• Exercise objective: Your job is to report every line of the entries that has "intro".

• Input data:
lemma lorentz_space_add:
  assumes p: "1 \<le> p" and w: "\<And>n. 0 \<le> w n" and dw: "decseq w"
    and x: "x \<in> lorentz_space w p" and y: "y \<in> lorentz_space w p"
  shows "(\<lambda>k. x k + y k) \<in> lorentz_space w p \<and> lorentz_norm w p (\<lambda>k. x k + y k)
    \<le> (2 powr (p + 1)) powr (1/p) * 2 * (lorentz_norm w p x + lorentz_norm w p y)"
proof -
  define h where "h = (\<lambda>k. x k + y k)"
  define X where "X = (\<lambda>n. w n * dec_rearr x n powr p)"
  define Y where "Y = (\<lambda>n. w n * dec_rearr y n powr p)"
  have x0: "x \<longlonglongrightarrow> 0" and sX: "summable X" and y0: "y \<longlonglongrightarrow> 0" and sY: "summable Y"
    using x y by (auto simp: lorentz_space_def X_def Y_def)
  have X0: "0 \<le> suminf X" by (rule suminf_nonneg[OF sX]) (simp add: X_def w)
  have Y0: "0 \<le> suminf Y" by (rule suminf_nonneg[OF sY]) (simp add: Y_def w)
  have h0: "h \<longlonglongrightarrow> 0" unfolding h_def using tendsto_add[OF x0 y0] by simp
  define F where "F = (\<lambda>n. 2 powr p * (X n + Y n))"
  have sF: "summable F" unfolding F_def by (intro summable_mult summable_add sX sY)
  have term_le: "w m * dec_rearr h m powr p \<le> F (m div 2)" for m
    unfolding h_def F_def X_def Y_def using p w dw lorentz_space_Bseq[OF x] lorentz_space_Bseq[OF y]
    by (intro lorentz_term_add_le) auto
  have sF2: "(\<lambda>m. F (m div 2)) sums (suminf F + suminf F)" by (rule sums_comp_div2[OF sF])
  have sh: "summable (\<lambda>m. w m * dec_rearr h m powr p)"
    by (rule summable_comparison_test'[OF sums_summable[OF sF2]]) (use term_le w in simp)
  have "(\<Sum>m. w m * dec_rearr h m powr p) \<le> suminf F + suminf F"
    using suminf_le[OF term_le sh sums_summable[OF sF2]] sums_unique[OF sF2] by simp
  also have "\<dots> = 2 powr (p + 1) * (suminf X + suminf Y)"
    unfolding F_def by (simp add: suminf_mult suminf_add[OF sX sY] summable_add[OF sX sY] powr_add)
  finally have "lorentz_norm w p h \<le> (2 powr (p + 1) * (suminf X + suminf Y)) powr (1/p)"
    unfolding lorentz_norm_def using p w by (intro powr_mono2 suminf_nonneg[OF sh]) auto
  also have "\<dots> = (2 powr (p + 1)) powr (1/p) * (suminf X + suminf Y) powr (1/p)"
    by (rule powr_mult)
  also have "\<dots> \<le> (2 powr (p + 1)) powr (1/p) * (2 * (lorentz_norm w p x + lorentz_norm w p y))"
    unfolding lorentz_norm_def X_def[symmetric] Y_def[symmetric]
    by (intro mult_left_mono powr_inverse_add_le X0 Y0 p) simp
  finally show ?thesis using h0 sh unfolding h_def by (simp add: lorentz_space_def mult.assoc)
qed

definition interleave :: "(nat \<Rightarrow> 'a) \<Rightarrow> (nat \<Rightarrow> 'a) \<Rightarrow> nat \<Rightarrow> 'a" where
  "interleave u v n = (if even n then u (n div 2) else v (n div 2))"

lemma interleave_even [simp]: "interleave u v (2 * k) = u k"
  and interleave_odd [simp]: "interleave u v (Suc (2 * k)) = v k"
  by (simp_all add: interleave_def)

lemma lp_space_interleave:
  assumes p: "1 \<le> p" and u: "u \<in> lp_space p" and v: "v \<in> lp_space p"
  shows "interleave u v \<in> lp_space p \<and> lp_norm p (interleave u v) \<le> 2 * (lp_norm p u + lp_norm p v)"
proof -
  have su: "summable (\<lambda>n. \<bar>u n\<bar> powr p)" and sv: "summable (\<lambda>n. \<bar>v n\<bar> powr p)"
    using u v by (auto simp: lp_space_def)
  have "(\<lambda>n. if even n then \<bar>u (n div 2)\<bar> powr p else \<bar>v ((n - 1) div 2)\<bar> powr p) sums
        ((\<Sum>n. \<bar>v n\<bar> powr p) + (\<Sum>n. \<bar>u n\<bar> powr p))"
    by (rule sums_if) (use su sv in \<open>simp_all add: summable_sums\<close>)
  moreover have "(\<lambda>n. if even n then \<bar>u (n div 2)\<bar> powr p else \<bar>v ((n - 1) div 2)\<bar> powr p)
      = (\<lambda>n. \<bar>interleave u v n\<bar> powr p)"
    by (rule ext) (auto simp: interleave_def elim: oddE)
  ultimately have s: "(\<lambda>n. \<bar>interleave u v n\<bar> powr p) sums ((\<Sum>n. \<bar>u n\<bar> powr p) + (\<Sum>n. \<bar>v n\<bar> powr p))"
    by (simp add: add.commute)
  have "lp_norm p (interleave u v) = ((\<Sum>n. \<bar>u n\<bar> powr p) + (\<Sum>n. \<bar>v n\<bar> powr p)) powr (1/p)"
    unfolding lp_norm_def using sums_unique[OF s] by simp
  also have "\<dots> \<le> 2 * (lp_norm p u + lp_norm p v)"
    unfolding lp_norm_def by (intro powr_inverse_add_le p suminf_nonneg su sv) auto
  finally show ?thesis using sums_summable[OF s] by (simp add: lp_space_def)
qed

lemma lp_space_cmult:
  assumes p: "0 < p" and u: "u \<in> lp_space p"
  shows "(\<lambda>n. c * u n) \<in> lp_space p \<and> lp_norm p (\<lambda>n. c * u n) \<le> \<bar>c\<bar> * lp_norm p u"
proof -
  have su: "summable (\<lambda>n. \<bar>u n\<bar> powr p)" using u by (auto simp: lp_space_def)
  have eq: "(\<lambda>n. \<bar>c * u n\<bar> powr p) = (\<lambda>n. \<bar>c\<bar> powr p * \<bar>u n\<bar> powr p)"
    by (simp add: abs_mult powr_mult)
  have "lp_norm p (\<lambda>n. c * u n) = (\<bar>c\<bar> powr p * (\<Sum>n. \<bar>u n\<bar> powr p)) powr (1/p)"
    unfolding lp_norm_def eq using suminf_mult[OF su] by simp
  also have "\<dots> = (\<bar>c\<bar> powr p) powr (1/p) * (\<Sum>n. \<bar>u n\<bar> powr p) powr (1/p)" by (rule powr_mult)
  also have "\<dots> = \<bar>c\<bar> * lp_norm p u" using p by (simp add: powr_powr lp_norm_def)
  finally show ?thesis using summable_mult[OF su] eq by (simp add: lp_space_def)
qed

section \<open>Bounded operators\<close>

lemma bounded_opsI:
  assumes "\<And>x. x \<in> D1 \<Longrightarrow> T x \<in> D2"
    "\<And>x y. x \<in> D1 \<Longrightarrow> y \<in> D1 \<Longrightarrow> T (\<lambda>n. x n + y n) = (\<lambda>n. T x n + T y n)"
    "\<And>c x. x \<in> D1 \<Longrightarrow> T (\<lambda>n. c * x n) = (\<lambda>n. c * T x n)"
    "\<And>x. x \<in> D1 \<Longrightarrow> N2 (T x) \<le> C * N1 x"
    "\<And>x. x \<notin> D1 \<Longrightarrow> T x = (\<lambda>n. 0)"
  shows "T \<in> bounded_ops D1 N1 D2 N2"
  using assms unfolding bounded_ops_def by blast

lemma bounded_ops_in: "T \<in> bounded_ops D1 N1 D2 N2 \<Longrightarrow> x \<in> D1 \<Longrightarrow> T x \<in> D2"
  and bounded_ops_add:
    "T \<in> bounded_ops D1 N1 D2 N2 \<Longrightarrow> x \<in> D1 \<Longrightarrow> y \<in> D1 \<Longrightarrow> T (\<lambda>n. x n + y n) = (\<lambda>n. T x n + T y n)"
  and bounded_ops_cmult:
    "T \<in> bounded_ops D1 N1 D2 N2 \<Longrightarrow> x \<in> D1 \<Longrightarrow> T (\<lambda>n. c * x n) = (\<lambda>n. c * T x n)"
  and bounded_ops_outside: "T \<in> bounded_ops D1 N1 D2 N2 \<Longrightarrow> x \<notin> D1 \<Longrightarrow> T x = (\<lambda>n. 0)"
  unfolding bounded_ops_def by blast+

lemma bounded_ops_zero:
  assumes "T \<in> bounded_ops D1 N1 D2 N2" "(\<lambda>n. 0) \<in> D1" shows "T (\<lambda>n. 0) = (\<lambda>n. 0)"
  using bounded_ops_cmult[OF assms, of 0] by simp

lemma bounded_ops_in_UNIV:
  assumes "T \<in> bounded_ops D1 N1 D2 N2" "(\<lambda>n. 0) \<in> D2" shows "T z \<in> D2"
  using assms bounded_ops_in bounded_ops_outside by (cases "z \<in> D1") fastforce+

lemma bounded_ops_boundE:
  assumes "T \<in> bounded_ops D1 N1 D2 N2" "\<And>x. 0 \<le> N1 x"
  obtains C where "C \<ge> 0" "\<And>x. x \<in> D1 \<Longrightarrow> N2 (T x) \<le> C * N1 x"
proof -
  obtain C where C: "\<And>x. x \<in> D1 \<Longrightarrow> N2 (T x) \<le> C * N1 x"
    using assms(1) unfolding bounded_ops_def by blast
  have "N2 (T x) \<le> max C 0 * N1 x" if "x \<in> D1" for x
    using C[OF that] mult_right_mono[OF max.cobounded1[of C 0] assms(2)[of x]] by linarith
  then show ?thesis using that[of "max C 0"] by auto
qed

• Answer to this task:
  have sF: "summable F" unfolding F_def by (intro summable_mult summable_add sX sY)
    by (intro lorentz_term_add_le) auto
    unfolding lorentz_norm_def using p w by (intro powr_mono2 suminf_nonneg[OF sh]) auto
    by (intro mult_left_mono powr_inverse_add_le X0 Y0 p) simp
    unfolding lp_norm_def by (intro powr_inverse_add_le p suminf_nonneg su sv) auto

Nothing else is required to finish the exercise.